### [What is being asked]
Wherever a line of the data contains "forall", copy that line.

### [Dataset records]
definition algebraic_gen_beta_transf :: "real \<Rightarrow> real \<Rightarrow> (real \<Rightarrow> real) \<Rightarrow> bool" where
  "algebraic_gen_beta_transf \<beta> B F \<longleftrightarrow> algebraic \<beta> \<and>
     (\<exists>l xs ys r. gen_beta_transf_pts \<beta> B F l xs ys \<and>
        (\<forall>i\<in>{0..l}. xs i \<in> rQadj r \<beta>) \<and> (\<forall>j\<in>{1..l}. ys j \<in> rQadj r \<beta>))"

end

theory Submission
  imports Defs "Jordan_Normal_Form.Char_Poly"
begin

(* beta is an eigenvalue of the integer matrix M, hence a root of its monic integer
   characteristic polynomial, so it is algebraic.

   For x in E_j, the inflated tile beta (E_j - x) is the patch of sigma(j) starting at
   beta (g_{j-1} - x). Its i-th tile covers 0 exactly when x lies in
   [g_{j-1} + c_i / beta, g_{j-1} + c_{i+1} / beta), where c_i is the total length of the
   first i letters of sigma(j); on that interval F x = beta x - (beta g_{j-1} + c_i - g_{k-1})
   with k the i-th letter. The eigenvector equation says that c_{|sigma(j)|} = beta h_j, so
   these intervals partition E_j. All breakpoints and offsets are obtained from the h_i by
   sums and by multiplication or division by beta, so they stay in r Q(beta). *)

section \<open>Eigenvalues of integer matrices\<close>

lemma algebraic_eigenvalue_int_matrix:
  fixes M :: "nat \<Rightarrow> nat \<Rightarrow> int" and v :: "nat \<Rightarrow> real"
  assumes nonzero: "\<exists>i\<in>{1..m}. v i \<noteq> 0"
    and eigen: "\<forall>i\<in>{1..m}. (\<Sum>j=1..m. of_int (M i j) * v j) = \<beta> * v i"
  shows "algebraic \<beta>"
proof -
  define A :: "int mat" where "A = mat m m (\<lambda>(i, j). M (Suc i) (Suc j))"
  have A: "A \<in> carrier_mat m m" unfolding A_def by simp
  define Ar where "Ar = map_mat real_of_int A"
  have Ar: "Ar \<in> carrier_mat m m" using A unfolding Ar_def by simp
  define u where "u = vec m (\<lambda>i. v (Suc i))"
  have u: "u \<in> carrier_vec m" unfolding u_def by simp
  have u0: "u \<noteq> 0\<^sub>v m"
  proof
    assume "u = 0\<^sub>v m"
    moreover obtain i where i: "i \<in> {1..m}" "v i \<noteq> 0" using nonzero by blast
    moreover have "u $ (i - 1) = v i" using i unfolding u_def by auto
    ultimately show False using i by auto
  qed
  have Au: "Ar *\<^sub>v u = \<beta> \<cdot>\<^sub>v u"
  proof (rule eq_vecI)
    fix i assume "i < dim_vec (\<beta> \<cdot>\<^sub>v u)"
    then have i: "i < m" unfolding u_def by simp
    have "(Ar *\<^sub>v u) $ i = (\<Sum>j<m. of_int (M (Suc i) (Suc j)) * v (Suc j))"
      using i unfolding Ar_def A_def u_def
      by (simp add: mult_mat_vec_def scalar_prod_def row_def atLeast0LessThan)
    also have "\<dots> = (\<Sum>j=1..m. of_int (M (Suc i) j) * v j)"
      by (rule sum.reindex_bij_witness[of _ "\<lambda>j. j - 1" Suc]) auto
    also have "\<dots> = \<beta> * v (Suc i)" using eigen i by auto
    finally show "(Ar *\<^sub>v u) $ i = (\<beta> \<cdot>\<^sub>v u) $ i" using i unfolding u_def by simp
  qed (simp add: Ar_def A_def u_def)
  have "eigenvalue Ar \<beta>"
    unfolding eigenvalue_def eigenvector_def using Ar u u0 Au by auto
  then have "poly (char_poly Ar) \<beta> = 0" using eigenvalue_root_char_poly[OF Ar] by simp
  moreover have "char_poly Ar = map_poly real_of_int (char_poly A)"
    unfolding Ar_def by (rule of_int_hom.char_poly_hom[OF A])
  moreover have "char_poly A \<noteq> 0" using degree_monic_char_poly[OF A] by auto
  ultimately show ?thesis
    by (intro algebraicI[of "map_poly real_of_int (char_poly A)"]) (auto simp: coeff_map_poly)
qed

### [Result for this task]
        (\<forall>i\<in>{0..l}. xs i \<in> rQadj r \<beta>) \<and> (\<forall>j\<in>{1..l}. ys j \<in> rQadj r \<beta>))"
    and eigen: "\<forall>i\<in>{1..m}. (\<Sum>j=1..m. of_int (M i j) * v j) = \<beta> * v i"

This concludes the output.